This is what I get with 4.2 and 1.12 V (I haven't actually tested if I could go lower voltage):

cJmzhh.png

This is 4.5 and 1.24V, the lowest I can go without getting a blue screen/system hang up (I tested +0.01 until this sweet spot):


The temps are too high. Is my room temperature too hot for 4.5 clocks? Did I mount my TPC wrong? Should I be getting lower? If I try 1.23 V I get blue screen. What do you guys think?
 

mkenyon

Banned
Remember, Ivy runs hotter than Sandy.

It's the ambient temps that are killing you right now. An 8C drop would put you at safe temperatures. Even then, high 70s aren't bad. How you should determine temperature is an average of the four cores.

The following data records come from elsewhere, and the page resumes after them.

lemma Re_i_power_mult_1_plus_i:
  "Re (\<i> ^ d * (1 + \<i>)) = 2 * (\<Sum>j\<le>d div 2. (-1) ^ (d - j)) - (-1) ^ d"
proof (induction d rule: less_induct)
  case (less d)
  show ?case
  proof (cases "d < 2")
    case True
    then have "d = 0 \<or> d = 1"
      by auto
    then show ?thesis
      by auto
  next
    case False
    then obtain e where d: "d = Suc (Suc e)"
      by (metis add_2_eq_Suc le_Suc_ex not_less)
    have "(-1::real) ^ (d - Suc j) = - ((-1) ^ (e - j))" if "j \<le> e div 2" for j
    proof -
      have "d - Suc j = Suc (e - j)"
        using that d by (simp add: Suc_diff_le)
      then show ?thesis
        by simp
    qed
    moreover have "d div 2 = Suc (e div 2)"
      by (simp add: d)
    then have "(\<Sum>j\<le>d div 2. (-1::real) ^ (d - j)) = (-1) ^ d + (\<Sum>j\<le>e div 2. (-1) ^ (d - Suc j))"
      by (simp only: sum.atMost_Suc_shift diff_zero)
    ultimately have "(\<Sum>j\<le>d div 2. (-1::real) ^ (d - j)) = (-1) ^ e - (\<Sum>j\<le>e div 2. (-1) ^ (e - j))"
      by (simp add: d sum_negf)
    then show ?thesis
      using less.IH[of e] by (simp add: d)
  qed
qed

lemma palindromic_eval_i_even_degree:
  fixes A :: "nat \<Rightarrow> real"
  assumes sym: "\<And>k. k \<le> 2*n \<Longrightarrow> A (2*n - k) = A k"
    and eval: "(\<Sum>k\<le>2*n. of_real (A k) * \<i> ^ k) = (1 + \<i>) ^ (2*n) * of_real E"
  shows "2 ^ n * E = - A n + 2 * (\<Sum>i\<le>n div 2. (-1) ^ i * A (n - 2*i))"
proof -
  \<comment> \<open>\<open>z (1 + \<i>)\<^bsup>2n\<^esup> = 2\<^sup>n\<close>\<close>
  define z where "z = (- \<i>) ^ n"
  have "(1 + \<i>) ^ 2 = 2 * \<i>"
    by (simp add: power2_eq_square algebra_simps)
  then have i_2n: "\<i> ^ (2*n) = (-1) ^ n" "(1 + \<i>) ^ (2*n) = (2 * \<i>) ^ n"
    by (simp_all add: power_mult)
  have "cnj z = \<i> ^ (2*n) * z"
    unfolding z_def i_2n by (subst power_mult_distrib[symmetric]) simp
  from Re_palindromic_poly_eval[where M = "2*n" and A = A, OF sym this]
  have "Re (z * ((1 + \<i>) ^ (2*n) * of_real E))
      = 2 * (\<Sum>k\<le>n. A k * Re (\<i> ^ k * z)) - A n * Re (\<i> ^ n * z)"
    unfolding eval by simp
  also have "Re (z * ((1 + \<i>) ^ (2*n) * of_real E)) = 2 ^ n * E"
  proof -
    have "- \<i> * (2 * \<i>) = 2"
      by (simp add: complex_eq_iff)
    then have "z * (2 * \<i>) ^ n = 2 ^ n"
      unfolding z_def by (metis power_mult_distrib)
    then have "z * ((1 + \<i>) ^ (2*n) * of_real E) = of_real (2 ^ n * E)"
      unfolding i_2n by (simp only: mult.assoc[symmetric]) simp
    then show ?thesis
      by (simp only: Re_complex_of_real)
  qed
  also have "Re (\<i> ^ n * z) = 1"
    unfolding z_def by (subst power_mult_distrib[symmetric]) simp
  also have "(\<Sum>k\<le>n. A k * Re (\<i> ^ k * z)) = (\<Sum>k\<le>n. A k * Re (\<i> ^ (n - k)))"
    unfolding z_def by (intro sum.cong refl) (simp only: atMost_iff i_power_mult_minus_i_power cnj.sel(1))
  also have "\<dots> = (\<Sum>d\<le>n. A (n - d) * Re (\<i> ^ d))"
    using sum.atLeastAtMost_rev[of "\<lambda>k. A k * Re (\<i> ^ (n - k))" 0 n] by (simp add: atLeast0AtMost)
  also have "\<dots> = (\<Sum>d\<le>n. if even d then (-1) ^ (d div 2) * A (n - 2 * (d div 2)) else 0)"
    by (intro sum.cong refl) (auto simp: Re_i_power)
  also have "\<dots> = (\<Sum>i\<le>n div 2. (-1) ^ i * A (n - 2*i))"
    by (rule sum_atMost_even_terms)
  finally show ?thesis
    by simp
qed

lemma palindromic_eval_i_odd_degree:
  fixes A :: "nat \<Rightarrow> real"
  assumes sym: "\<And>k. k \<le> 2*n + 1 \<Longrightarrow> A (2*n + 1 - k) = A k"
    and eval: "(\<Sum>k\<le>2*n + 1. of_real (A k) * \<i> ^ k) = (1 + \<i>) ^ (2*n + 1) * of_real E"
  shows "2 ^ n * E = - (\<Sum>j\<le>n. (-1) ^ (n - j) * A j)
           + 2 * (\<Sum>(i, j)\<in>{(i, j). 2*i + j \<le> n}. (-1) ^ (n - i - j) * A j)"
proof -
  \<comment> \<open>\<open>z (1 + \<i>)\<^bsup>2n+1\<^esup> = 2\<^sup>n\<close>\<close>
  define z where "z = (- \<i>) ^ n * cnj (1 + \<i>) / 2"
  have "(1 + \<i>) ^ 2 = 2 * \<i>"
    by (simp add: power2_eq_square algebra_simps)
  then have i_2n: "\<i> ^ (2*n) = (-1) ^ n" "(1 + \<i>) ^ (2*n + 1) = (2 * \<i>) ^ n * (1 + \<i>)"
    by (simp_all add: power_mult)
  have "(-1) ^ n * (- \<i>) ^ n = \<i> ^ n"
    by (subst power_mult_distrib[symmetric]) simp
  then have "cnj z = \<i> ^ (2*n + 1) * z"
    unfolding z_def i_2n power_add by (simp add: algebra_simps)
  from Re_palindromic_poly_eval[where M = "2*n + 1" and A = A, OF sym this]
  have "Re (z * ((1 + \<i>) ^ (2*n + 1) * of_real E)) = 2 * (\<Sum>k\<le>n. A k * Re (\<i> ^ k * z))"
    unfolding eval by simp
  also have "Re (z * ((1 + \<i>) ^ (2*n + 1) * of_real E)) = 2 ^ n * E"
  proof -
    have "- \<i> * (2 * \<i>) = 2" "cnj (1 + \<i>) * (1 + \<i>) = 2"
      by (simp_all add: complex_eq_iff)
    then have "(- \<i>) ^ n * (2 * \<i>) ^ n = 2 ^ n" "cnj (1 + \<i>) * (1 + \<i>) = 2"
      by (metis power_mult_distrib, simp)
    moreover have "z * (1 + \<i>) ^ (2*n + 1) = ((- \<i>) ^ n * (2 * \<i>) ^ n) * (cnj (1 + \<i>) * (1 + \<i>)) / 2"
      unfolding z_def i_2n by (simp only: mult_ac times_divide_eq_left times_divide_eq_right)
    ultimately have "z * (1 + \<i>) ^ (2*n + 1) = 2 ^ n"
      by simp
    then have "z * ((1 + \<i>) ^ (2*n + 1) * of_real E) = of_real (2 ^ n * E)"
      by (simp only: mult.assoc[symmetric]) simp
    then show ?thesis
      by (simp only: Re_complex_of_real)
  qed
  also have "2 * (\<Sum>k\<le>n. A k * Re (\<i> ^ k * z)) = (\<Sum>k\<le>n. A k * Re (\<i> ^ (n - k) * (1 + \<i>)))"
  proof -
    have Re_z: "Re (\<i> ^ k * z) = Re (\<i> ^ (n - k) * (1 + \<i>)) / 2" if "k \<le> n" for k
    proof -
      have "\<i> ^ k * z = (\<i> ^ k * (- \<i>) ^ n) * cnj (1 + \<i>) / 2"
        unfolding z_def by (simp only: mult.assoc times_divide_eq_right)
      also have "\<dots> = cnj (\<i> ^ (n - k) * (1 + \<i>)) / 2"
        by (simp only: i_power_mult_minus_i_power[OF that] complex_cnj_mult)
      finally show ?thesis
        by (simp only: Re_divide_numeral cnj.sel(1))
    qed
    show ?thesis
      unfolding sum_distrib_left
    proof (intro sum.cong refl)
      fix k assume "k \<in> {..n}"
      then have eq: "Re (\<i> ^ k * z) = Re (\<i> ^ (n - k) * (1 + \<i>)) / 2"
        by (intro Re_z) simp
      show "2 * (A k * Re (\<i> ^ k * z)) = A k * Re (\<i> ^ (n - k) * (1 + \<i>))"
        unfolding eq by simp
    qed
  qed
  also have "\<dots> = (\<Sum>j\<le>n. A j * (2 * (\<Sum>i\<le>(n - j) div 2. (-1) ^ (n - j - i)) - (-1) ^ (n - j)))"
    by (simp only: Re_i_power_mult_1_plus_i)
  also have "\<dots> = 2 * (\<Sum>j\<le>n. \<Sum>i\<le>(n - j) div 2. (-1) ^ (n - i - j) * A j) - (\<Sum>j\<le>n. (-1) ^ (n - j) * A j)"
    by (simp add: algebra_simps sum_subtractf sum_distrib_left sum_distrib_right)
  also have "(\<Sum>j\<le>n. \<Sum>i\<le>(n - j) div 2. (-1) ^ (n - i - j) * A j)
      = (\<Sum>(i, j)\<in>{(i, j). 2*i + j \<le> n}. (-1) ^ (n - i - j) * A j)"
  proof -
    have "(\<Sum>j\<le>n. \<Sum>i\<le>(n - j) div 2. (-1) ^ (n - i - j) * A j)
        = (\<Sum>(j, i)\<in>(SIGMA j:{..n}. {..(n - j) div 2}). (-1) ^ (n - i - j) * A j)"
      by (rule sum.Sigma) auto
    also have "\<dots> = (\<Sum>(i, j)\<in>{(i, j). 2*i + j \<le> n}. (-1) ^ (n - i - j) * A j)"
      by (rule sum.reindex_bij_witness[where i = "\<lambda>(i, j). (j, i)" and j = "\<lambda>(j, i). (i, j)"]) auto
    finally show ?thesis .
  qed
  finally show ?thesis
    by simp
qed
lemma Pi_pmf_pair_components:
  assumes "finite A" "x \<in> A" "y \<in> A" "x \<noteq> y"
  shows "map_pmf (\<lambda>f. (f x, f y)) (Pi_pmf A d p) = pair_pmf (p x) (p y)"
proof -
  have A: "A = insert x (A - {x})" using assms by auto
  have "map_pmf (\<lambda>f. (f x, f y)) (Pi_pmf A d p)
      = map_pmf (apsnd (\<lambda>f. f y)) (pair_pmf (p x) (Pi_pmf (A - {x}) d p))"
    using assms
    by (subst A, subst Pi_pmf_insert)
       (auto simp: pmf.map_comp o_def case_prod_unfold apsnd_def map_prod_def)
  also have "\<dots> = pair_pmf (p x) (p y)"
    using assms by (simp add: pair_map_pmf2[symmetric] Pi_pmf_component)
  finally show ?thesis .
qed

lemma prob_bernoulli_pair_or:
  assumes "0 \<le> p" "p \<le> 1"
  shows "measure_pmf.prob (pair_pmf (bernoulli_pmf p) (bernoulli_pmf p)) {(a, b). a \<or> b}
           = 2 * p - p ^ 2"
proof -
  have "{(a, b). a \<or> b} = {(True, True), (True, False), (False, True)}" by auto
  then show ?thesis
    using assms by (simp add: measure_measure_pmf_finite pmf_pair power2_eq_square algebra_simps)
qed

lemma nbhd_subset: "nbhd R G r \<subseteq> R"
  unfolding nbhd_def by blast

lemma nbhd_mono: "(\<And>r'. G r' \<subseteq> G' r') \<Longrightarrow> nbhd R G r \<subseteq> nbhd R G' r"
  unfolding nbhd_def by blast
theorem lemma7:
  fixes n m :: nat and p :: "nat \<Rightarrow> nat" and d :: "nat \<Rightarrow> int"
    and a :: "nat \<Rightarrow> nat" and js h i :: nat and H' I' :: "nat set"
  assumes ppos: "\<forall>j\<in>{1..n}. p j > 0"
    and dsorted: "\<forall>j k. 1 \<le> j \<longrightarrow> j \<le> k \<longrightarrow> k \<le> n \<longrightarrow> d j \<le> d k"
    and proper_a: "proper n m a"
    and adm: "admissible n m p a js h i"
    and H'sub: "H' \<subseteq> JH n p a js h" and I'sub: "I' \<subseteq> JI n p a js i"
    and H'ne: "H' \<noteq> {}" and I'ne: "I' \<noteq> {}"
    and eqP: "sum p H' = sum p I'"
  shows "Lmax n d (swapC n p a js h i H' I') \<le> Lmax n d (Cp n p a)"
proof -
  interpret admissible_swap n m p a js h i H' I'
    using adm H'sub I'sub H'ne I'ne eqP by unfold_locales
  show ?thesis
    by (rule Lmax_le_if_dominated[OF dsorted js_job(1) swapC_dominated])
qed

end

People were spoiled by how cool SB was, and got stuck in this mindset of '60s are where you want it'. High 70s is perfectly acceptable max load temps, even for SB. You're not going to be seeing that in games.

*edit*

Also folks, please don't quote post your pictures that have important writing on them. Makes it a bitch to read, especially on phones/tablets.
 
This may be the wrong thread and if so I apologize. I just ordered this drive:

http://www.newegg.com/Product/Produ...ction-_-cables-_-na-_-na&Item=N82E16820239045

To finally jump on the SSD bandwagon. I currently have a 1TB drive with about 20 Steam games installed, but nothing I'm worried too much about losing besides some save files. What I'd like to know is what's going to be the best way to upgrade? Do a brand new clean windows install, or is there some other route I'd be better off taking?

Basically, SSD noob here using his PC mostly for games, wanting advice on how to get things going.

There's also a steam utility to move games to a new drive;

http://www.traynier.com/software/steammover
 
Remember, Ivy runs hotter than Sandy.

It's the ambient temps that are killing you right now. An 8C drop would put you at safe temperatures. Even then, high 70s aren't bad. How you should determine temperature is an average of the four cores.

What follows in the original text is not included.